Я родился в Токио 26 января 1886 года, вечером, в семь часов тридцать одну минуту. В тот день Солнце находилось в созвездии Водолея; созвездием, восходившим над горизонтом в час моего рождения, была Дева, а в точке восхождения эклиптики находился Сатурн. Поэтому вся моя жизнь протекает под очень сильным влиянием Сатурна.

Это моя путеводная планета, символ моей жизни. Впоследствии я понял, что интерес к астрологии возник у меня потому, что Сатурн ассоциируется у астрологов с «первым элементом» – свинцом, который должен превратиться в золото. И мне хотелось узнать, как обратить в благородный металл мои способности художника.

Сатурн – планета, обрекающая человека на испытания и требующая от него терпения. Предсказатель предрек, что моя жизнь станет историей преодоления комплекса неполноценности, и, оглядываясь назад, я могу сказать, что так оно и вышло.

Еще астролог сказал, что у меня не всё в порядке со здоровьем, что я с детства страдаю от аллергии, и предупредил, что мне надо беречься от ожогов. Надо было прислушаться к его словам. В начальных классах со мной случился припадок (из тех, о которых я уже рассказывал), и я серьезно обжег в классе о печку правую ногу. Шрам от ожога виден до сих пор.

Он предсказал мои тайные романы, которые привели к тому, что в один год у меня появились две дочери от разных матерей – Токико и Юкико.

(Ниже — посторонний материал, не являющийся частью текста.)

lemma resp_at_map_filter_iff:
  assumes hp: "\<And>e x. f e = Some x \<Longrightarrow> hproc x = eproc e"
    and j: "j < length es" "f (es!j) \<noteq> None" and l: "l < length es" "f (es!l) \<noteq> None"
  shows "resp_at (List.map_filter f es) (hidx f es j) (hidx f es l) \<longleftrightarrow>
     j < l \<and> is_HInv (the (f (es!j))) \<and> \<not> is_HInv (the (f (es!l))) \<and> eproc (es!l) = eproc (es!j) \<and>
     (\<forall>x. j < x \<and> x < l \<and> f (es!x) \<noteq> None \<longrightarrow> eproc (es!x) \<noteq> eproc (es!j))"
proof -
  let ?h = "List.map_filter f es"
  have nth_h: "\<And>a. a < length (hpos f es) \<Longrightarrow> ?h ! a = the (f (es ! (hpos f es ! a)))"
    by (simp add: map_filter_conv_hpos)
  have hproc_h: "\<And>a. a < length (hpos f es) \<Longrightarrow> hproc (?h ! a) = eproc (es ! (hpos f es ! a))"
    using nth_h hp hpos_nth by fastforce
  note ij = hpos_hidx[of j es f, OF j] and il = hpos_hidx[of l es f, OF l]
  have between: "(\<forall>x. hidx f es j < x \<and> x < hidx f es l \<longrightarrow> hproc (?h ! x) \<noteq> hproc (?h ! hidx f es j)) \<longleftrightarrow>
     (\<forall>x. j < x \<and> x < l \<and> f (es!x) \<noteq> None \<longrightarrow> eproc (es!x) \<noteq> eproc (es!j))"
    using all_between_hidx_iff[OF j l, of "\<lambda>x. eproc (es!x) \<noteq> eproc (es!j)"] hproc_h ij il
    by (simp cong: conj_cong)
  have "hproc (the (f (es!j))) = eproc (es!j)" "hproc (the (f (es!l))) = eproc (es!l)"
    using hp j(2) l(2) by auto
  then show ?thesis
    unfolding resp_at_def op_inv_def between
    using ij il nth_h hidx_less_iff[OF j l] by (auto simp: map_filter_conv_hpos)
qed

lemma resp_at_unique: "resp_at h i j \<Longrightarrow> resp_at h i j' \<Longrightarrow> j = j'"
  unfolding resp_at_def by (cases j j' rule: linorder_cases) blast+

definition local_state :: "real \<Rightarrow> ev list \<Rightarrow> nat \<Rightarrow> nat \<Rightarrow> lstate" where
  "local_state k es p t = the (arun k init_lstate (filter (\<lambda>e. eproc e = p) (take t es)))"

lemma arun_append: "arun k s (xs @ ys) = (case arun k s xs of None \<Rightarrow> None | Some s' \<Rightarrow> arun k s' ys)"
  by (induction xs arbitrary: s) (auto split: option.splits)

lemma arun_prefix: "arun k s (xs @ ys) \<noteq> None \<Longrightarrow> arun k s xs \<noteq> None"
  by (simp add: arun_append split: option.splits)

lemma astep_InvIncD: "astep k s (InvInc q) = Some s' \<Longrightarrow> phase s = Idle \<and> s' = s\<lparr>phase := IncStart\<rparr>"
  by (auto split: if_splits)

lemma astep_InvReadD: "astep k s (InvRead q) = Some s' \<Longrightarrow> phase s = Idle \<and> s' = s\<lparr>phase := ReadStart\<rparr>"
  by (auto split: if_splits)

lemma astep_MWInvD: "astep k s (MWInv q v) = Some s' \<Longrightarrow> phase s = IncStart \<and> lcounter s + 1 = threshold s \<and>
   v = nextVal s \<and> s' = s\<lparr>lcounter := lcounter s + 1, phase := IncInMW\<rparr>"
  by (auto split: if_splits)

lemma astep_MWRespD: "astep k s (MWResp q) = Some s' \<Longrightarrow> phase s = IncInMW \<and>
   s' = s\<lparr>nextVal := nextVal s + 1, lcounter := 0,
          threshold := (if nextVal s + 1 \<ge> 2 then 2 * threshold s else threshold s), phase := IncEnd\<rparr>"
  by (auto split: if_splits)

lemma astep_RespIncD: "astep k s (RespInc q) = Some s' \<Longrightarrow>
   (phase s = IncEnd \<and> s' = s\<lparr>phase := Idle\<rparr>) \<or>
   (phase s = IncStart \<and> lcounter s + 1 \<noteq> threshold s \<and> s' = s\<lparr>lcounter := lcounter s + 1, phase := Idle\<rparr>)"
  by (auto split: if_splits)

lemma astep_MRInvD: "astep k s (MRInv q) = Some s' \<Longrightarrow> phase s = ReadStart \<and> s' = s\<lparr>phase := ReadInMR\<rparr>"
  by (auto split: if_splits)

lemma astep_MRRespD: "astep k s (MRResp q r) = Some s' \<Longrightarrow> phase s = ReadInMR \<and> s' = s\<lparr>phase := ReadEnd r\<rparr>"
  by (auto split: if_splits)

lemma astep_RespReadD: "astep k s (RespRead q x) = Some s' \<Longrightarrow>
   \<exists>r. phase s = ReadEnd r \<and> x = (if r \<ge> 0 then k * 2 ^ nat r else 0) \<and> s' = s\<lparr>phase := Idle\<rparr>"
  by (cases "phase s") (auto split: if_splits)

lemma astep_MStepD: "astep k s (MStep q) = Some s' \<Longrightarrow> (phase s = IncInMW \<or> phase s = ReadInMR) \<and> s' = s"
  by (auto split: if_splits)

lemma astep_into_maxreg: "astep k s e = Some s' \<Longrightarrow> phase s' = IncInMW \<or> phase s' = ReadInMR \<Longrightarrow>
    is_minv e \<or> (\<exists>q. e = MStep q)"
  by (cases e) (auto simp: is_minv_def split: if_splits phase.splits)

lemma astep_counter_event_Idle: "astep k s e = Some s' \<Longrightarrow> chist_ev e \<noteq> None \<Longrightarrow>
    (phase s = Idle \<longleftrightarrow> is_cinv e) \<and> (phase s' = Idle \<longleftrightarrow> \<not> is_cinv e)"
  by (cases e) (auto simp: is_cinv_def split: if_splits phase.splits)

lemma astep_other_event_Idle: "astep k s e = Some s' \<Longrightarrow> chist_ev e = None \<Longrightarrow>
    phase s' = Idle \<longleftrightarrow> phase s = Idle"
  by (cases e) (auto split: if_splits phase.splits)

lemma astep_from_IncStart: "phase s = IncStart \<Longrightarrow> astep k s e = Some s' \<Longrightarrow> (\<exists>q v. e = MWInv q v) \<or>
    (\<exists>q. e = RespInc q)"
  by (cases e) (auto split: if_splits phase.splits)

lemma astep_from_IncInMW: "phase s = IncInMW \<Longrightarrow> astep k s e = Some s' \<Longrightarrow> (\<exists>q. e = MWResp q) \<or>
    (\<exists>q. e = MStep q)"
  by (cases e) (auto split: if_splits phase.splits)

lemma astep_from_IncEnd: "phase s = IncEnd \<Longrightarrow> astep k s e = Some s' \<Longrightarrow> (\<exists>q. e = RespInc q)"
  by (cases e) (auto split: if_splits phase.splits)

lemma astep_from_ReadStart: "phase s = ReadStart \<Longrightarrow> astep k s e = Some s' \<Longrightarrow> (\<exists>q. e = MRInv q)"
  by (cases e) (auto split: if_splits phase.splits)

lemma astep_from_ReadInMR: "phase s = ReadInMR \<Longrightarrow> astep k s e = Some s' \<Longrightarrow> (\<exists>q r. e = MRResp q r) \<or>
    (\<exists>q. e = MStep q)"
  by (cases e) (auto split: if_splits phase.splits)

lemma astep_from_ReadEnd: "phase s = ReadEnd r \<Longrightarrow> astep k s e = Some s' \<Longrightarrow> (\<exists>q x. e = RespRead q x)"
  by (cases e) (auto split: if_splits phase.splits)

locale execution =
  fixes n :: nat and k :: real and es :: "ev list"
  assumes ex: "is_exec n k es"
begin

abbreviation "lst p t \<equiv> local_state k es p t"

lemma eproc_less: "e \<in> set es \<Longrightarrow> eproc e < n" using ex unfolding is_exec_def by auto

lemma arun_local_state: assumes t: "t \<le> length es"
  shows "arun k init_lstate (filter (\<lambda>e. eproc e = p) (take t es)) = Some (lst p t)"
proof (cases "p < n")
  case True
  have "arun k init_lstate (filter (\<lambda>e. eproc e = p) es) \<noteq> None"
    using ex True unfolding is_exec_def by auto
  moreover have "filter (\<lambda>e. eproc e = p) es = filter (\<lambda>e. eproc e = p) (take t es) @ filter (\<lambda>e. eproc e = p) (drop t es)"
    by (metis append_take_drop_id filter_append)
  ultimately have "arun k init_lstate (filter (\<lambda>e. eproc e = p) (take t es)) \<noteq> None"
    using arun_prefix by metis
  then show ?thesis unfolding local_state_def by auto
next
  case False
  have "\<forall>e\<in>set (take t es). eproc e \<noteq> p"
    using False by (auto dest!: in_set_takeD eproc_less)
  then have "filter (\<lambda>e. eproc e = p) (take t es) = []" by (simp add: filter_empty_conv)
  then show ?thesis unfolding local_state_def by simp
qed

lemma lst_0: "lst p 0 = init_lstate" unfolding local_state_def by simp

lemma lst_step: assumes "t < length es" "eproc (es!t) = p"
  shows "astep k (lst p t) (es!t) = Some (lst p (Suc t))"
proof -
  have f: "filter (\<lambda>e. eproc e = p) (take (Suc t) es) = filter (\<lambda>e. eproc e = p) (take t es) @ [es!t]"
    using assms by (simp add: take_Suc_conv_app_nth)
  have "arun k init_lstate (filter (\<lambda>e. eproc e = p) (take (Suc t) es)) = Some (lst p (Suc t))"
    using arun_local_state assms by simp
  then have "arun k (lst p t) [es!t] = Some (lst p (Suc t))"
    unfolding f arun_append using arun_local_state[of t p] assms by simp
  then show ?thesis by (simp split: option.splits)
qed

В момент моего рождения Венера располагалась в созвездии Рыб, поэтому меня тянет к женщинам, родившимся под этим знаком, но в конечном итоге судьба свела меня с «львицей». В двадцать восемь лет мне добавилось семейных хлопот. Моя первая жена, Таэ, по гороскопу «рыба». В то время я увлекался Дега и много рисовал балерин. Одной из моих моделей была Масако, нынешняя жена. Я влюбился с первого взгляда, насильно добился ее, и у нас родилась девочка, хотя Масако была замужем. Девочку назвали Юкико. Примерно в то же время ребенка родила и Таэ. Потом я с ней развелся, отдав предпочтение «львице» Масако. Надо же было такому случиться в двадцать восемь лет!

Сейчас Таэ держит табачную лавку в Хоя[7], в доме, который я ей купил. Нашу дочь Токико я взял к себе, она изредка навещает мать. Вопреки моим опасениям, она замечательно поладила с жившими у меня другими девчонками. Я все время думаю, что поступил с Таэ непорядочно. Хотя после нашего развода прошло уже двадцать лет, чувство вины перед ней не проходит. Если в будущем Азот принесет мне состояние, я готов отдать Таэ все деньги.

Гороскоп, составленный астрологом, предсказывал, что в частной жизни я буду скрытен и склонен к одиночеству, что меня ждет жизнь в изоляции от людей – в больнице или каком-нибудь специальном заведении. Мне предстоит жить в замкнутом мире иллюзий. Все это сбылось на сто процентов. Я редко вижу семью – она живет в главном доме, в основном провожу время в мастерской, под которую переоборудовали старый амбар, притулившийся в дальнем углу сада.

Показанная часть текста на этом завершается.